Russia’s invasion of Ukraine: 50 days of remarkable resistence

Ukraine, at the war’s end, must be in a position to decide its own future, be that inside the European Union or not, be that as a member of NATO or not. Ukraine must be the master of its own destiny.

Half a hundred days since Russia launched its invasion of Ukraine, there appears to be no end in sight to the brutal aggression that the Moscow regime has inflicted upon its neighbour. War crimes – including acts of genocide, systematic torture, and even rape – have become commonplace as, unable to defeat the Ukrainian army, Russia has turned its attention to defeating the Ukrainian people. 

On April 13, the mayor of besieged Mariupol said that some 21,000 civilians have been killed in the city and 100,000 are still awaiting evacuation. Before Russia’s invasion, the strategic port city had a population of about 450,000.

Earlier this week, US President Joe Biden went so far as to openly accuse Russian President Vladimir Putin of committing a genocide in Ukraine. When asked for clarification, Biden doubled down. 

“Yes, I called it genocide. It has become clearer and clearer that Putin is just trying to wipe out the idea of even being able to be Ukrainian.” The International Criminal Court has called the entire country “a crime scene”.

Moving, humbling resilience

While the outcome of the war is yet unknown (although Ukraine increasingly looks invincible militarily), what has been abundantly clear since day one is that ordinary Ukrainians are as fearless, bold, and stout in their resistance as the country’s armed forces. 

Their resilience is at once moving and humbling, a reminder that the defence of freedom requires levels of bravery that few of us will ever be asked to call upon. 

Then there’s the economy, holding up remarkably well despite the devastation brought on the country. Economic activity has continued where possible, in all sectors, not least in IT which is still operating at around 85 per cent of its pre-invasion capacity.  

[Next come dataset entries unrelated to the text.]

lemma sup_abs_sec_curv_solv_le: "sup_abs_sec_curv (solv_bracket C) (\<bullet>) \<le> 24 * trace (C ** transpose C)"
  unfolding trace_mult_transpose_self
  by (rule sup_abs_sec_curv_le[where X="(axis undefined 1, 0)" and Y="(0, 1)"])
    (simp_all add: abs_sec_curv_solv_le inner_axis_axis)

lemma abs_sec_curv_solv_axis_le_sup:
  fixes C :: "real^'n^'n"
  shows "\<bar>sec_curv (solv_bracket C) (\<bullet>) (axis i 1, 0) (0, 1)\<bar> \<le> sup_abs_sec_curv (solv_bracket C) (\<bullet>)"
  by (rule abs_sec_curv_le_sup[OF abs_sec_curv_solv_le]) (simp add: inner_axis_axis)

lemma trace_mult_transpose_le_sup_abs_sec_curv_solv:
  fixes C :: "real^'n^'n"
  shows "trace (C ** transpose C) \<le> 2 * real CARD('n) * sup_abs_sec_curv (solv_bracket C) (\<bullet>) - trace (C ** C)"
proof -
  have "trace (sym_part C ** sym_part C) = - (\<Sum>i\<in>UNIV. sec_curv (solv_bracket C) (\<bullet>) (axis i 1, 0) (0, 1))"
    by (simp add: sum_sec_curv_solv_axis)
  also have "\<dots> \<le> (\<Sum>i\<in>UNIV. \<bar>sec_curv (solv_bracket C) (\<bullet>) (axis i 1, 0) (0, 1)\<bar>)"
    by (rule order_trans[OF abs_ge_minus_self sum_abs])
  also have "\<dots> \<le> (\<Sum>i\<in>(UNIV :: 'n set). sup_abs_sec_curv (solv_bracket C) (\<bullet>))"
    by (intro sum_mono abs_sec_curv_solv_axis_le_sup)
  finally show ?thesis
    unfolding trace_mult_transpose_sym_part by (simp add: mult.assoc)
qed

section \<open>Change of frame\<close>

lemma matrix_inv_right: "invertible A \<Longrightarrow> A ** matrix_inv A = mat 1"
  and matrix_inv_left: "invertible A \<Longrightarrow> matrix_inv A ** A = mat 1"
  unfolding invertible_def matrix_inv_def by (metis (mono_tags, lifting) someI_ex)+

lemma trace_similar:
  fixes P B C :: "'a::comm_ring_1^'n^'n"
  assumes "invertible P" "B ** P = P ** C"
  shows "trace C = trace B"
proof -
  have "C = matrix_inv P ** B ** P"
    by (metis assms matrix_inv_left matrix_mul_assoc matrix_mul_lid)
  also have "trace \<dots> = trace (B ** P ** matrix_inv P)"
    by (metis trace_mul_sym matrix_mul_assoc)
  finally show ?thesis
    by (simp add: matrix_inv_right[OF assms(1)] flip: matrix_mul_assoc)
qed

lemma frame_matrix_mult:
  assumes "\<And>i. B *v V i = (\<Sum>j\<in>UNIV. C $ j $ i *\<^sub>R V j)"
  shows "B ** frame_matrix V = frame_matrix V ** C"
proof -
  have "(B ** frame_matrix V) $ k $ i = (B *v V i) $ k" for k i
    by (simp add: frame_matrix_def matrix_matrix_mult_def matrix_vector_mult_def)
  moreover have "(B *v V i) $ k = (frame_matrix V ** C) $ k $ i" for k i
    by (simp add: assms frame_matrix_def matrix_matrix_mult_def mult.commute)
  ultimately show ?thesis
    by (simp add: vec_eq_iff)
qed

lemma sup_abs_sec_curv_frame_metric:
  fixes B C :: "real^'n^'n"
  assumes "invertible (frame_matrix V)" "B ** frame_matrix V = frame_matrix V ** C"
  shows "sup_abs_sec_curv (solv_bracket B) (frame_metric V) = sup_abs_sec_curv (solv_bracket C) (\<bullet>)"
proof -
  define Q where "Q = matrix_inv (frame_matrix V)"
  define \<Phi> :: "(real^'n) \<times> real \<Rightarrow> (real^'n) \<times> real" where "\<Phi> u = (Q *v fst u, snd u)" for u
  have QP: "Q ** frame_matrix V = mat 1" and PQ: "frame_matrix V ** Q = mat 1"
    unfolding Q_def using assms(1) by (simp_all add: matrix_inv_left matrix_inv_right)
  have QB: "Q ** B = C ** Q"
    by (metis PQ QP assms(2) matrix_mul_assoc matrix_mul_lid matrix_mul_rid)
  have "bij \<Phi>"
    by (rule o_bij[where g="\<lambda>u. (frame_matrix V *v fst u, snd u)"])
      (auto simp: \<Phi>_def fun_eq_iff matrix_vector_mul_assoc QP PQ)
  moreover have "linear \<Phi>"
    unfolding \<Phi>_def by (auto intro!: linearI simp: matrix_vector_right_distrib matrix_vector_mult_scaleR)
  moreover have "frame_metric V u w = \<Phi> u \<bullet> \<Phi> w" for u w
    by (simp add: frame_metric_def \<Phi>_def Q_def inner_prod_def)
  moreover have "\<Phi> (solv_bracket B u w) = solv_bracket C (\<Phi> u) (\<Phi> w)" for u w
    by (simp add: \<Phi>_def solv_bracket_def matrix_vector_mult_diff_distrib matrix_vector_mult_scaleR
        matrix_vector_mul_assoc QB)
  ultimately show ?thesis
    using koszul_solv_conn by (rule sup_abs_sec_curv_pullback)
qed

lemma sup_abs_sec_curv_frame_metric_bounds:
  fixes B C :: "real^'n^'n"
  assumes "invertible (frame_matrix V)" "B ** frame_matrix V = frame_matrix V ** C"
  defines "a \<equiv> sup_abs_sec_curv (solv_bracket B) (frame_metric V)"
  shows "0 \<le> a" and "a \<le> 24 * trace (C ** transpose C)"
    and "trace (C ** transpose C) \<le> 2 * real CARD('n) * a - trace (B ** B)"
proof -
  have a: "a = sup_abs_sec_curv (solv_bracket C) (\<bullet>)"
    unfolding a_def using assms(1,2) by (rule sup_abs_sec_curv_frame_metric)
  show "0 \<le> a"
    unfolding a using abs_sec_curv_solv_axis_le_sup[of C] abs_ge_zero order_trans by blast
  show "a \<le> 24 * trace (C ** transpose C)"
    unfolding a by (rule sup_abs_sec_curv_solv_le)
  have "B ** B ** frame_matrix V = frame_matrix V ** (C ** C)"
    by (metis assms(2) matrix_mul_assoc)
  with assms(1) have "trace (C ** C) = trace (B ** B)"
    by (rule trace_similar)
  then show "trace (C ** transpose C) \<le> 2 * real CARD('n) * a - trace (B ** B)"
    unfolding a using trace_mult_transpose_le_sup_abs_sec_curv_solv[of C] by simp
qed

theorem mainTheorem8:
  assumes "CARD('n::finite) \<ge> 2"
  shows "\<exists>\<tau>::real. \<tau> > 0 \<and>
    (\<forall>(A::real^'n^'n) (B::real^'n^'n). in_SL_Z A \<and> mat_exp B = A \<longrightarrow>
      (\<exists>\<kappa>::real. \<forall>(V::'n \<Rightarrow> real^'n) (C::real^'n^'n).
         invertible (frame_matrix V) \<and>
         (\<forall>i. B *v V i = (\<Sum>j\<in>UNIV. C $ j $ i *\<^sub>R V j)) \<longrightarrow>
         (let a = sup_abs_sec_curv (solv_bracket B) (frame_metric V) in
            a / \<tau> \<le> trace (C ** transpose C) \<and>
            trace (C ** transpose C) \<le> \<tau> * a + \<kappa>)))"
proof -
  let ?\<tau> = "24 + 2 * real CARD('n)"
  have key: "let a = sup_abs_sec_curv (solv_bracket B) (frame_metric V) in
      a / ?\<tau> \<le> trace (C ** transpose C) \<and> trace (C ** transpose C) \<le> ?\<tau> * a + - trace (B ** B)"
    if "invertible (frame_matrix V)" "\<forall>i. B *v V i = (\<Sum>j\<in>UNIV. C $ j $ i *\<^sub>R V j)"
    for B C :: "real^'n^'n" and V
  proof -
    define a where "a = sup_abs_sec_curv (solv_bracket B) (frame_metric V)"
    define t where "t = trace (C ** transpose C)"
    have "B ** frame_matrix V = frame_matrix V ** C"
      using that(2) by (simp add: frame_matrix_mult)
    from sup_abs_sec_curv_frame_metric_bounds[OF that(1) this]
    have "0 \<le> a" "a \<le> 24 * t" "t \<le> 2 * real CARD('n) * a - trace (B ** B)"
      unfolding a_def t_def .
    moreover have "0 \<le> t"
      unfolding t_def trace_mult_transpose_self by simp
    ultimately have "a \<le> ?\<tau> * t" "t \<le> ?\<tau> * a + - trace (B ** B)"
      unfolding distrib_right by (simp_all add: add_increasing2)
    then show ?thesis
      unfolding Let_def a_def[symmetric] t_def[symmetric] by (simp add: divide_le_eq mult.commute)
  qed
  show ?thesis
    by (rule exI[of _ ?\<tau>]) (simp, blast intro: key)
qed

end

In areas around Kyiv recently liberated by the Ukrainian army (as well as in Kyiv itself, where the immediate danger of a brutal Russian occupation has passed), shops, cafes, restaurants and other businesses are reopening. 

Some of the almost 4.5 million people who fled abroad to escape the fighting are beginning to return: the Kyiv government estimates that some 800,000 people have returned to the country over the past couple of weeks. Others intend to do so as soon as possible.  

Just this week we spoke to a number of people in various locations around the world, from Namibia to the United States, who all expressed their intention to return. 

No return to the status quo

With Russia now concentrating its military push in the east of Ukraine, a return to the status quo ante bellum – relative peace and normality in the west, conflict in the east – looks to most observers increasingly likely.  

But there is a key difference between now and 2014, when Russia first occupied parts of the Luhansk and Donetsk regions, as well as Crimea: Ukraine is determined to win. It does not want a return to the status quo, it does not want a conflict (frozen or otherwise) in its east. Ukraine is fighting to repel Russia once and for all, to reinstate its full territorial integrity. 

It should be offered everything it needs to succeed. Weapons, financial and logistical support, and further punitive sanctions against Moscow. Russia must exit this war crippled, its economy in tatters, so that it never again launches an unprovoked attack against a peaceful, sovereign state. 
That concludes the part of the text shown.